Container kube-controller-manager-e2e-big-master/kube-controller-manager is using 0.531144723/0.5 CPU
not to have occurred

This may be a serious issue with scalability of quotas and needs some digging in.

/assign @gmarek
(who enabled it.. feel free to redirect this as apt)

cc @kubernetes/sig-scalability-bugs

The text was updated successfully, but these errors were encountered:

shyamjvs · 2018-03-09T17:14:08Z

I'm not marking this as a release-blocker as it's failures we started seeing due to testing something new (that we weren't before).
However, feel free to override me if you think otherwise.

shyamjvs · 2018-03-09T17:16:41Z

For now I'll send a revert disabling it. However, you can easily experiment against 100-node cluster with the presubmit job I newly added. See #56032 (comment) for details.

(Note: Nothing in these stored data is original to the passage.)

(* Let $A\in\mathbb{R}^{n\times n}$ with rows $a_1^T,\dots,a_n^T$ and $B=(b_1,\dots,b_n)^T$ with all $b_j\neq0$. Let $\lambda_1,\dots,\lambda_n$ be pairwise distinct real numbers, none an eigenvalue of $A$. For each $i$ let $H_i$ be the affine hull of the row vectors $k_{ij}=\frac{1}{b_j}(a_j^T-\lambda_ie_j^T)$, $j=1,\dots,n$ (an affine hyperplane of $\mathbb{R}^{1\times n}$). Then $H_1\cap\dots\cap H_n\neq\emptyset$ if and only if $(A,B)$ is controllable; in that case the intersection is a single point $K$, and it satisfies $$\det(\lambda I-A+BK)=\prod_{i=1}^n(\lambda-\lambda_i).$$
   Context: $e_j$ denotes the $j$-th canonical basis vector of $\mathbb{R}^n$; $(A,B)$ controllable means $(B\;AB\;\cdots\;A^{n-1}B)$ is invertible. *)

theory Defs
  imports "HOL-Analysis.Analysis"
begin

primrec matpow :: "real^'n^'n \<Rightarrow> nat \<Rightarrow> real^'n^'n" where
  "matpow A 0 = mat 1"
| "matpow A (Suc k) = A ** matpow A k"

definition is_eigenvalue :: "real^'n^'n \<Rightarrow> real \<Rightarrow> bool" where
  "is_eigenvalue A mu \<longleftrightarrow> (\<exists>v. v \<noteq> 0 \<and> A *v v = mu *s v)"

text \<open>(A,B) controllable: the n x n matrix (B  AB ... A^(n-1)B) is invertible.
  The column index type 'n is identified with {0..<n} via an enumeration f;
  column i of C is A^(f i) B. (Invertibility does not depend on the chosen enumeration.)\<close>
definition controllable :: "real^'n^'n \<Rightarrow> real^'n \<Rightarrow> bool" where
  "controllable A B \<longleftrightarrow>
     (\<exists>f C. bij_betw f (UNIV :: 'n set) {..<CARD('n)} \<and>
            (\<forall>i. column i C = matpow A (f i) *v B) \<and> invertible C)"

definition kvec :: "real^'n^'n \<Rightarrow> real^'n \<Rightarrow> real \<Rightarrow> 'n \<Rightarrow> real^'n" where
  "kvec A B lam j = (1 / B $ j) *\<^sub>R (A $ j - lam *\<^sub>R axis j 1)"

definition outer :: "real^'n \<Rightarrow> real^'n \<Rightarrow> real^'n^'n" where
  "outer B K = (\<chi> i j. B $ i * K $ j)"

end

theory Submission
  imports Defs
begin

(*
  Let v_i solve (A - lambda_i I) v_i = B, so that A v_i = B + lambda_i v_i.  Row j of
  A - lambda_i I has inner product b_j with v_i, so the k_ij are spanning points of the
  hyperplane K v_i = 1, which is therefore H_i.  If some K lies on every H_i, each linear
  relation among the v_i has coefficient sum K (sum c_i v_i) = 0; applying A and subtracting
  lambda_k times the relation then yields a relation of smaller support, so the v_i form a
  basis.  Hence K is unique, and A - BK has the eigenvectors v_i with eigenvalues lambda_i,
  which gives the determinant.  Controllability means that the Krylov space spanned by the
  A^k B is everything.  The v_i lie in it, as it contains B and is invariant under the
  invertible A - lambda_i I; conversely, if the v_i are dependent, the same support argument
  produces a relation with nonzero coefficient sum, which puts B, and with it the Krylov
  space, into the A-invariant span of the v_i.
*)

lemma linear_image_span_subset:
  assumes "linear f" and "f ` S \<subseteq> span S"
  shows "f ` span S \<subseteq> span S"
  using assms by (simp add: span_minimal flip: span_linear_image)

shyamjvs · 2018-03-09T17:30:34Z

One thing to note here is that, even before this change we were seeing flakes of this kind. E.g:

But after this change, we're seeing those continuously. My feeling is that this worsened things on top of something bad that happened already earlier.

@gmarek

…-e2es Automatic merge from submit-queue. If you want to cherry-pick this change to another branch, please follow the instructions <a href="https://github.com/kubernetes/community/blob/master/contributors/devel/cherry-picks.md">here</a>. Revert "Use quotas in default performance tests" This reverts commit c3c1020. Ref #60988 /cc @gmarek /kind bug /sig scalability /priority critical-urgent ```release-note NONE ```

tpepper · 2018-03-09T20:52:47Z

@kubernetes/sig-scalability-bugs do you see this as a v1.10 milestone issue?

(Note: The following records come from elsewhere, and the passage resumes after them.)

lemma proper_closed_add_subgroup_integral_functional:
  fixes N W :: "'a::euclidean_space set"
  assumes "subspace W" "N \<subseteq> W" "closed N" "add_subgroup N" "N \<noteq> W"
  shows "\<exists>\<xi>\<in>W. \<xi> \<noteq> 0 \<and> (\<forall>n\<in>N. \<xi> \<bullet> n \<in> \<int>)"
  using assms
proof (induction "dim W" arbitrary: W N rule: less_induct)
  case less
  note W = less.prems(1,2) and N = less.prems(3-5)
  show ?case
  proof (cases "N = {0}")
    case True
    then obtain w where "w \<in> W" "w \<noteq> 0" using W N(3) subspace_0 by blast
    with True show ?thesis by auto
  next
    case False
    obtain u where u: "u \<in> N" "u \<noteq> 0" and closed: "closed (proj_perp u ` N)"
      and degenerate: "proj_perp u ` N = W \<inter> {x. u \<bullet> x = 0} \<Longrightarrow> \<forall>n\<in>N. (u /\<^sub>R (u \<bullet> u)) \<bullet> n \<in> \<int>"
      using closed_add_subgroup_reduction[OF W N False] by blast
    define W' where "W' = W \<inter> {x. u \<bullet> x = 0}"
    have "u \<in> W" using u(1) W(2) by blast
    have W': "subspace W'" unfolding W'_def using W(1) subspace_hyperplane by (rule subspace_inter)
    have "dim W' < dim W"
    proof (rule dim_psubset)
      have "u \<notin> W'" using u(2) by (simp add: W'_def)
      then have "W' \<subset> W" using \<open>u \<in> W\<close> unfolding W'_def by blast
      then show "span W' \<subset> span W"
        using W(1) W' by (simp add: span_eq_iff[THEN iffD2])
    qed
    have image: "proj_perp u ` N \<subseteq> W'"
      using W \<open>u \<in> W\<close> proj_perp_in_subspace inner_proj_perp[OF u(2)] by (auto simp: W'_def)
    show ?thesis
    proof (cases "proj_perp u ` N = W'")
      case True
      moreover have "u /\<^sub>R (u \<bullet> u) \<in> W" "u /\<^sub>R (u \<bullet> u) \<noteq> 0"
        using u(2) \<open>u \<in> W\<close> W(1) by (simp_all add: subspace_scale)
      ultimately show ?thesis using degenerate unfolding W'_def by blast
    next
      case False
      then obtain \<xi> where "\<xi> \<in> W'" "\<xi> \<noteq> 0" "\<forall>n\<in>proj_perp u ` N. \<xi> \<bullet> n \<in> \<int>"
        using less.hyps[OF \<open>dim W' < dim W\<close> W' image closed] N(2)
          add_subgroup_image[OF additive_proj_perp] by blast
      moreover have "u \<bullet> \<xi> = 0" using \<open>\<xi> \<in> W'\<close> by (simp add: W'_def)
      ultimately show ?thesis using inner_proj_perp_orthogonal[of u \<xi>] by (auto simp: W'_def)
    qed
  qed
qed

section \<open>Characters of R^d descending to H\<close>

lemma charG_add: "charG \<xi> (a + b) = charG \<xi> a * charG \<xi> b"
  by (simp add: charG_def inner_add_right distrib_left exp_add[symmetric] algebra_simps)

shyamjvs · 2018-03-09T20:59:08Z

Not really.. for the reason I mentioned in #60988 (comment)

shyamjvs · 2018-03-12T11:18:30Z

Gathered some interesting evidence today. Look at how the CPU usage of controller-manager increased ~4x across runs 454 and 455:

shyamjvs · 2018-03-12T11:23:17Z

From the commit diff, it seems most likely that enabling quotas (#60421) caused the mischief. Also, I looked at controller-manager logs from one of the newer runs and find many such lines:

E0310 00:16:53.089141       1 resource_quota_controller.go:255] Operation cannot be fulfilled on resourcequotas "e2e-tests-load-30-nodepods-1-vxb5m-quota": the object has been modified; please apply your changes to the latest version and try again
E0310 00:16:53.137643       1 resource_quota_controller.go:255] Operation cannot be fulfilled on resourcequotas "e2e-tests-load-30-nodepods-1-vxb5m-quota": the object has been modified; please apply your changes to the latest version and try again
E0310 00:16:53.181949       1 resource_quota_controller.go:255] Operation cannot be fulfilled on resourcequotas "e2e-tests-load-30-nodepods-1-vxb5m-quota": the object has been modified; please apply your changes to the latest version and try again
E0310 00:16:53.257855       1 resource_quota_controller.go:255] Operation cannot be fulfilled on resourcequotas "e2e-tests-load-30-nodepods-1-vxb5m-quota": the object has been modified; please apply your changes to the latest version and try again

shyamjvs · 2018-03-12T11:28:17Z

Found one final piece of evidence to prove that it's indeed a problem caused by resource-quotas. Look at how our scalability job running against HEAD saw a fall back to normal CPU usage (across runs 11485 and 11486), with the only change being disabling of quotas:

shyamjvs · 2018-03-12T11:31:59Z

cc @davidopp
(because I somehow remember you associated with the feature:)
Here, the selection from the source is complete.